Резюме. The colorimetric assay based on the surface plasmon resonance of metal nanoparticles receives significant attention because of its simplicity, sensitivity and low cost. The preparation of stable suspensions of gold nanoparticles (GNPs) modified with proteins is a prerequisite for their use as an analytical tool for the colorimetric spectral analysis. A convenient experimental procedure for reproducible production of functionalized with Bovine serum albumin (BSA) GNPs is proposed. The functionalized GNPs were morphologically characterized by means of Atomic Force Microscopy (AFM) and Transmission Electron Microscopy (TEM) and their properties were determined by UV-Vis spectroscopy. The Langmuir monolayers of GNPs/BSA were also studied by measuring the surface pressure-area (-A) isotherms and the conditions for transferring the Langmuir – Blodgett (LB) films on mica solid supports were found. The LB films were further characterized by AFM and TEM. The reported experimental protocols and procedures have potential for further applications for the development of biosensors for detection of enzyme activity.

Ключови думи: gold nanoparticles (GNPs), atomic force microscopy (AFM), transmission electron microscopy (TEM), bovine serum albumin (BSA), protein modified nanoparticles

Introduction

Gold is known for its unique properties for centuries. The archeological studies show that people have used gold since ancient times to make jewelry, coins, objects with religious and sacral functions and even weapons (Freestone et al., 2007; Dushkin et al., 2011). In recent times the gold still has its wide practical application in various fields of science and technology where the increasing level of scientific knowledge has opened new practical fields for its application, e.g. in chemistry, pharmacy and medicine (Edwards & Thomas, 2007; Suzuki et al., 2006; Wang, 2007; Georgiev et al., 2014). While in nowadays the bulk gold is commonly used for making some exotic and expensive objects, the colloidal gold, which is also known in the literature as gold nanoparticles (GNPs), has found variety of new applications e.g. as catalysts, pigments in arts, in solar cells, sensors for biomolecules etc. Systematic scientific investigations and first colloidal synthesis of GNPs were preform in 1857 by Michael Faraday (1857). The physical and chemical properties of the GNPs make them excellent material for construction elements in chemical and biological sensors (Suzuki et al., 2006). The GNPs have very good optoelectric properties, biocompatibility, when they are used with right ligands. These properties can be modulate, with the change of their size and shape. The GNPs can be functionalized with different organic or biological ligands and can be used for detection of concentration of small molecules and biological objects. The color of the GNPs is very sensitive to their aggregation in suspension. These unique properties of the GNPs are used for the development of new sensor systems with very good sensitivity and selectivity (Chen et al., 2011; Pingarron et al., 2008; Wei et al., 2008). This is a new generation of devices for detection in a new and far more effective way of metal ions, small molecules, proteins, nucleic acids, etc. (Hutter & Maysinger, 2013).

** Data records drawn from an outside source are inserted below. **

theorem mainTheorem17:
  fixes a :: "real^'n" and X P :: "real^'r^'n" and \<Gamma> :: "real \<Rightarrow> real^'r^'r"
  assumes orth: "transpose X ** X = mat 1"
    and tang: "transpose X ** P + transpose P ** X = 0"
    and sol: "\<forall>\<^sub>F \<tau> in at_right 0.
                transpose (\<Gamma> \<tau>) = \<Gamma> \<tau> \<and> riccati (1 / \<tau>^2) a X P (\<Gamma> \<tau>)"
    and branch: "(\<lambda>\<tau>. norm (\<Gamma> \<tau> - (1 / \<tau>) *\<^sub>R mat 1)) \<in> O[at_right 0](\<lambda>\<tau>. \<tau>)"
  shows "(\<lambda>\<tau>. norm (\<Gamma> \<tau> - ((1 / \<tau>) *\<^sub>R mat 1
              - (\<tau> / 2) *\<^sub>R (transpose X ** diagA a ** X + transpose P ** P))))
           \<in> O[at_right 0](\<lambda>\<tau>. \<tau>^2)
    \<and> (\<lambda>\<tau>. norm (Xtilde (1 / \<tau>^2) a X P (\<Gamma> \<tau>) - (X + \<tau> *\<^sub>R P)))
           \<in> O[at_right 0](\<lambda>\<tau>. \<tau>^2)
    \<and> (\<lambda>\<tau>. norm (Ptilde (1 / \<tau>^2) a X P (\<Gamma> \<tau>)
              - (P + \<tau> *\<^sub>R (diagA a ** X
                   + X ** (- (transpose X ** diagA a ** X) - transpose P ** P)))))
           \<in> O[at_right 0](\<lambda>\<tau>. \<tau>^2)"
proof -
  let ?M = "transpose X ** diagA a ** X + transpose P ** P"
  have branch': "bigo_at0 (\<lambda>t. \<Gamma> t - (1 / t) *\<^sub>R mat 1) 1"
    using branch by (simp add: bigo_at0_def)
  have sol': "\<forall>\<^sub>F t in at_right 0. riccati (1 / t^2) a X P (\<Gamma> t)"
    using sol by (rule eventually_mono) simp
  have \<Gamma>: "bigo_at0 (\<lambda>t. \<Gamma> t - ((1 / t) *\<^sub>R mat 1 - (t / 2) *\<^sub>R ?M)) 2"
    by (rule riccati_branch_expansion[OF orth tang sol' branch'])
  have "X ** (- (transpose X ** diagA a ** X) - transpose P ** P) = - (X ** ?M)"
    by (simp add: matrix_mult_distribs)
  with \<Gamma> Xtilde_expansion[OF branch', where a = a and X = X and P = P]
    Ptilde_expansion[OF \<Gamma>, where a = a and X = X and P = P] show ?thesis
    unfolding bigo_at0_def power_int_numeral by simp
qed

The preparation of stable suspensions of GNPs modified with proteins is a prerequisite for their use as an analytical tool for the colorimetric spectral analysis. In recent years, colorimetric assay based on the surface plasmon resonance of metal nanoparticles receives significant attention because of its simplicity, sensitivity and low cost (Hinterwrith et al., 2012). The spherical GNPs were used for detecting the biomolecules following the principle of the aggregation induced red to blue color shift. The indisputable advantage of protein modified GNPs for biosensors’ applications is their ability to specifically anchor biomolecules.(Pingarron et al., 2008) At Fig. 2.6 are depicted two experimental approaches for utilization of the functionalized GNPs for sensing the kinetics of enzymatic reactions (Hutter & Maysinger, 2013) In the first scheme (Fig. 1A) the GNPs’suspension is stabilized by a „protein shield”. The addition of the enzyme leads to a distortion of this structure followed by destabilization and formation of particles’ aggregates which results in a red shift of the plasmon absorption maximum. In the second scheme (Fig. 1B), the GNPs are modified in such way that they interact with each other forming aggregates which after the addition of the enzyme are shattered to individual GNPs and the plasmon absorption maximum at 520 nm is recovered.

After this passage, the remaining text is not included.